17.4.607 GENERAL REQUIREMENTS OF THE ENVIRONMENTAL REVIEW PROCESS
Section 75-1-201, MCA requires state agencies to integrate use of
the natural and social sciences and the environmental design arts in planning
and in decision-making, and to prepare a detailed statement (an EIS) on
each proposal for projects, programs, legislation, and other major actions of
state government significantly affecting the quality of the human environment.
In order to determine the level of environmental review for each proposed
action that is necessary to comply with 75-1-201, MCA, the agency
shall apply the following criteria:
(1) The agency shall prepare an EIS as follows:
(a) whenever an EA indicates that an EIS is
necessary; or
(b) whenever, based on the criteria in ARM
17.4.608, the proposed action is a major action of state government
significantly affecting the quality of the human environment.
(2) An EA may serve any of the following purposes:
(a) to ensure that the agency uses the natural
and social sciences and the environmental design arts in planning and decision-making.
An EA may be used independently or in conjunction with other agency planning
and decision-making procedures;
(b) to
assist in the evaluation of reasonable alternatives and the development of
conditions, stipulations or modifications to be made a part of a proposed
action;
(c) to
determine the need to prepare an EIS through an initial evaluation and
determination of the significance of impacts associated with a proposed action;
(d) to
ensure the fullest appropriate opportunity for public review and comment on
proposed actions, including alternatives and planned mitigation, where the
residual impacts do not warrant the preparation of an EIS; and
(e) to
examine and document the effects of a proposed action on the quality of the
human environment, and to provide the basis for public review and comment,
whenever statutory requirements do not allow sufficient time for an agency to
prepare an EIS. The agency shall determine whether sufficient time is available
to prepare an EIS by comparing statutory requirements that establish when the
agency must make its decision on the proposed action with the time required by
ARM 17.4.620 to obtain public review of an EIS plus a reasonable period to
prepare a draft EIS and, if required, a final EIS.
(3) The agency shall prepare an EA whenever:
(a) the action is not excluded under (5) of
this rule and it is not clear without preparation of an EA whether the proposed
action is a major one significantly affecting the quality of the human
environment;
(b) the action is not excluded under (5) of this rule and although an EIS is
not warranted, the agency has not otherwise implemented the interdisciplinary
analysis and public review
purposes listed
in (2) (a) and (d) of this rule through a similar planning and decision-making
process; or
(c) statutory requirements do not allow sufficient
time for the agency to prepare an EIS.
(4) The agency may, as an alternative to preparing
an EIS, prepare an EA whenever the action is one that might normally require an
EIS, but effects which might otherwise be deemed significant appear to be
mitigable below the level of significance through design, or enforceable controls
or stipulations or both imposed by the agency or other government
agencies.
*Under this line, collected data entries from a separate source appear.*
lemma facet_DeltaA_iff:
  assumes A: "A \<in> calA n m"
  shows "facet (DeltaA n A) F \<longleftrightarrow> maximum_antichain A F"
proof
  have finA: "finite A"
    using calA_memD[OF A] by blast
  assume F: "facet (DeltaA n A) F"
  then have F_face: "F \<subseteq> T_of A" "strict_antichain F"
    using DeltaA_iff[OF A] by (auto simp: facet_def)
  have "\<not> card F < card A"
  proof
    assume "card F < card A"
    then obtain t where t: "t \<in> addable A F"
      using addable_nonempty[OF finA F_face] by blast
    then have "insert t F \<in> DeltaA n A"
      using DeltaA_iff[OF A] F_face strict_antichain_insert_addable[OF F_face(2) t]
      by (simp add: addable_def)
    then show False
      using F t by (auto simp: facet_def addable_def)
  qed
  then show "maximum_antichain A F"
    using F_face card_strict_antichain_le[OF finA F_face] by (simp add: maximum_antichain_def)
next
  have finA: "finite A"
    using calA_memD[OF A] by blast
  assume F: "maximum_antichain A F"
  show "facet (DeltaA n A) F"
    unfolding facet_def
  proof (intro conjI ballI impI)
    show "F \<in> DeltaA n A"
      using F DeltaA_iff[OF A] by (simp add: maximum_antichain_def)
    fix G assume "G \<in> DeltaA n A" "F \<subseteq> G"
    moreover from this have "card G \<le> card F" "finite G"
      using DeltaA_iff[OF A] card_strict_antichain_le[OF finA] F finite_subset_T_of[OF finA]
      by (auto simp: maximum_antichain_def)
    ultimately show "G = F"
      using card_seteq[of G F] by simp
  qed
qed

lemma facets_DeltaA_above:
  assumes A: "A \<in> calA n m" and S: "S \<subseteq> T_of A" "strict_antichain S" "card S + 1 = m"
  shows "{F. facet (DeltaA n A) F \<and> S \<subseteq> F} = (\<lambda>t. insert t S) ` addable A S"
  using maximum_antichains_above[OF calA_memD(1)[OF A] S(1,2)] S(3) calA_memD(2)[OF A]
  by (simp add: facet_DeltaA_iff[OF A])

lemma calA_mirror:
  assumes n: "n = 2 * m" and A: "A \<in> calA n m" and c: "c \<in> {1..n}"
  shows "c \<in> A \<or> n + 1 - c \<in> A"
proof -
  define pair_rep where "pair_rep a = min a (n + 1 - a)" for a :: nat
  note A_props = calA_memD[OF A]
  have range: "pair_rep a \<in> {1..m}" if "a \<in> {1..n}" for a
    using that n unfolding pair_rep_def by (auto simp: min_def)
  have "inj_on pair_rep A"
  proof (rule inj_onI)
    fix a b assume ab: "a \<in> A" "b \<in> A" "pair_rep a = pair_rep b"
    then have "a \<le> n" "b \<le> n" "a + b \<noteq> n + 1"
      using A_props(3,4) by auto
    then show "a = b"
      using ab(3) unfolding pair_rep_def by (auto simp: min_def split: if_splits)
  qed
  moreover have "pair_rep ` A \<subseteq> {1..m}"
    using range A_props(3) by auto
  ultimately have "pair_rep ` A = {1..m}"
    using A_props(2) by (intro card_subset_eq) (auto simp: card_image)
  moreover have "pair_rep c \<in> {1..m}"
    using range c by blast
  ultimately obtain a where a: "a \<in> A" "pair_rep a = pair_rep c"
    by (metis imageE)
  then have "a \<le> n"
    using A_props(3) by auto
  then have "a = c \<or> a = n + 1 - c"
    using a(2) c unfolding pair_rep_def by (auto simp: min_def split: if_splits)
  then show ?thesis
    using a(1) by auto
qed

lemma indices_DeltaP: "G \<in> DeltaP n \<Longrightarrow> indices G \<subseteq> {1..n}"
  by (force simp: DeltaP_def vertsD_def indices_def)

lemma subset_T_of_if_indices: "G \<in> DeltaP n \<Longrightarrow> indices G \<subseteq> A \<Longrightarrow> G \<subseteq> T_of A"
  by (force simp: DeltaP_def vertsD_def indices_def T_of_def)

lemma indices_DeltaP_no_mirror:
  assumes n: "even n" and G: "G \<in> DeltaP n" and a: "a \<in> indices G" and b: "b \<in> indices G"
  shows "a + b \<noteq> n + 1"
proof
  assume sum: "a + b = n + 1"
  obtain p where p: "p \<in> G" "a = fst p \<or> a = snd p"
    using a by (auto simp: indices_def)
  obtain q where q: "q \<in> G" "b = fst q \<or> b = snd q"
    using b by (auto simp: indices_def)
  show False
  proof (cases "p = q")
    case True
    have "fst p + snd p \<noteq> n + 1"
      using G p(1) by (auto simp: DeltaP_def vertsD_def)
    then show False
      using p q True sum n by (auto; presburger)
  next
    case False
    then show False
      using G p q sum by (auto simp: DeltaP_iff K2_pair_def)
  qed
qed

lemma mirror_of_index_outside_calA:
  assumes n: "n = 2 * m" and A: "A \<in> calA n m" and G: "G \<in> DeltaP n"
    and c: "c \<in> indices G" "c \<notin> A"
  shows "n + 1 - c \<in> A - indices G"
proof -
  have "c \<in> {1..n}"
    using indices_DeltaP[OF G] c by blast
  then show ?thesis
    using calA_mirror[OF n A] indices_DeltaP_no_mirror[OF _ G c(1), of "n + 1 - c"] c(2) n
    by auto
qed

lemma calA_swap:
  assumes n: "even n" and A: "A \<in> calA n m" and i: "i \<in> A"
  shows "(A - {i}) \<union> {n + 1 - i} \<in> calA n m"
proof -
  note A_props = calA_memD[OF A]
  have i_range: "1 \<le> i" "i \<le> n"
    using i A_props(3) by auto
  have mirror_notin: "n + 1 - i \<notin> A"
    using A_props(4)[OF i] i_range by force
  have "card ((A - {i}) \<union> {n + 1 - i}) = m"
    using mirror_notin A_props(1,2) i by (simp add: card_Diff_singleton card_gt_0_iff)
      (metis Suc_pred card_gt_0_iff empty_iff)
  moreover have "(A - {i}) \<union> {n + 1 - i} \<subseteq> {1..n}"
    using A_props(3) i_range by auto
  moreover have "2 * (n + 1 - i) \<noteq> n + 1"
    using n i_range by presburger
  then have "a + b \<noteq> n + 1" if "a \<in> (A - {i}) \<union> {n + 1 - i}" "b \<in> (A - {i}) \<union> {n + 1 - i}"
    for a b
    using that A_props(4) i_range by auto
  ultimately show ?thesis
    unfolding calA_def by blast
qed

lemma facet_DeltaP_if_facet_DeltaA:
  assumes n: "n = 2 * m" and A: "A \<in> calA n m" and F: "facet (DeltaA n A) F"
  shows "facet (DeltaP n) F"
  unfolding facet_def
proof (intro conjI ballI impI)
  show "F \<in> DeltaP n"
    using F by (simp add: facet_def DeltaA_def)
  fix G assume G: "G \<in> DeltaP n" "F \<subseteq> G"
  have "A \<subseteq> indices G"
    using maximum_antichain_indices[OF calA_memD(1)[OF A]] F G(2) indices_mono
    by (metis facet_DeltaA_iff[OF A])
  then have "indices G \<subseteq> A"
    using mirror_of_index_outside_calA[OF n A G(1)] by blast
  then have "G \<in> DeltaA n A"
    using G(1) subset_T_of_if_indices by (simp add: DeltaA_def)
  then show "G = F"
    using F G(2) by (simp add: facet_def)
qed
lemma penrose_unique:
  assumes "penrose A X" "penrose A Y"
  shows "X = Y"
proof -
  let ?T = transpose
  from assms have a1: "A ** X ** A = A" "X ** A ** X = X" "?T (A ** X) = A ** X" "?T (X ** A) = X ** A"
    and a2: "A ** Y ** A = A" "Y ** A ** Y = Y" "?T (A ** Y) = A ** Y" "?T (Y ** A) = Y ** A"
    by (auto simp: penrose_def)
  have tAY: "?T A = ?T A ** ?T Y ** ?T A"
    by (metis a2(1) matrix_transpose_mul matrix_mul_assoc)
  have tAX: "?T A = ?T A ** ?T X ** ?T A"
    by (metis a1(1) matrix_transpose_mul matrix_mul_assoc)
  have "X = X ** (A ** X)" using a1(2) by (simp add: matrix_mul_assoc)
  also have "\<dots> = X ** ?T X ** ?T A" using a1(3) by (metis matrix_transpose_mul matrix_mul_assoc)
  also have "\<dots> = X ** ?T X ** (?T A ** ?T Y ** ?T A)" using tAY by simp
  also have "\<dots> = X ** (?T X ** ?T A) ** (?T Y ** ?T A)" by (simp add: matrix_mul_assoc)
  also have "\<dots> = X ** (A ** X) ** (A ** Y)" using a1(3) a2(3) by (metis matrix_transpose_mul)
  also have "\<dots> = (X ** A ** X) ** A ** Y" by (simp add: matrix_mul_assoc)
  also have "\<dots> = X ** A ** Y" using a1(2) by simp
  finally have X: "X = X ** A ** Y" .
  have "Y = (Y ** A) ** Y" using a2(2) by simp
  also have "\<dots> = ?T A ** ?T Y ** Y" using a2(4) by (metis matrix_transpose_mul)
  also have "\<dots> = (?T A ** ?T X ** ?T A) ** ?T Y ** Y" using tAX by simp
  also have "\<dots> = (?T A ** ?T X) ** (?T A ** ?T Y) ** Y" by (simp add: matrix_mul_assoc)
  also have "\<dots> = (X ** A) ** (Y ** A) ** Y" using a1(4) a2(4) by (metis matrix_transpose_mul)
  also have "\<dots> = X ** A ** (Y ** A ** Y)" by (simp add: matrix_mul_assoc)
  also have "\<dots> = X ** A ** Y" using a2(2) by simp
  finally show ?thesis using X by simp
qed

lemma matrix_left_inverse_on_row_space:
  fixes A :: "real^'n^'m"
  obtains G :: "real^'m^'n"
  where "\<And>y. G *v y \<in> row_space A" "\<And>e. e \<in> row_space A \<Longrightarrow> G *v (A *v e) = e"
proof -
  have "inj_on (\<lambda>x. A *v x) (row_space A)"
  proof (rule inj_onI)
    fix v w assume vw: "v \<in> row_space A" "w \<in> row_space A" "A *v v = A *v w"
    have "v - w \<in> row_space A" using subspace_diff[OF subspace_row_space vw(1,2)] .
    moreover have "A *v (v - w) = 0" using vw(3) by (simp add: matrix_vector_mult_diff_distrib)
    ultimately show "v = w" using row_space_eq_0_if_matrix_vector_mult_eq_0 by force
  qed
  then obtain g where g: "range g \<subseteq> row_space A" "linear g" "\<And>e. e \<in> row_space A \<Longrightarrow> g (A *v e) = e"
    using linear_exists_left_inverse_on[OF matrix_vector_mul_linear subspace_row_space] by metis
  have "matrix g *v y = g y" for y
    using g(2) matrix_works linear_matrix_vector_mul_eq by metis
  with g that show ?thesis by (metis range_subsetD)
qed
For an EA to suffice in this
instance, the agency must determine that all of the impacts of the proposed
action have been accurately identified, that they will be mitigated below the
level of significance, and that no significant impact is likely to occur. The agency may not consider compensation for
purposes of determining that impacts have been mitigated below the level of
significance.
(5) The agency is not required to prepare an EA or
an EIS for the following categories of action:
(a) actions that qualify for a categorical
exclusion as defined by rule or justified by a programmatic review. In the
rule or programmatic review, the
agency shall identify any extraordinary circumstances in which a normally
excluded action requires an EA or EIS;
(b) administrative actions: routine, clerical or
similar functions of a department, including but not limited to administrative
procurement, contracts for consulting services, and personnel actions;
(c) minor repairs, operations, or maintenance of
existing equipment or facilities;
(d) investigation and enforcement: data collection, inspection of facilities or
enforcement of environmental standards;
(e) ministerial actions: actions in which the
agency exercises no discretion, but rather acts upon a given state of facts in
a prescribed manner; and
(f) actions that are primarily social or economic
in nature and that do not otherwise affect the human environment.
History: 2-3-103, 2-4-201, MCA; IMP, 2-3-104, 75-1-201, MCA; NEW, 1989 MAR p. 226, Eff. 1/27/89; TRANS, from DHES, 1996 MAR p. 1497.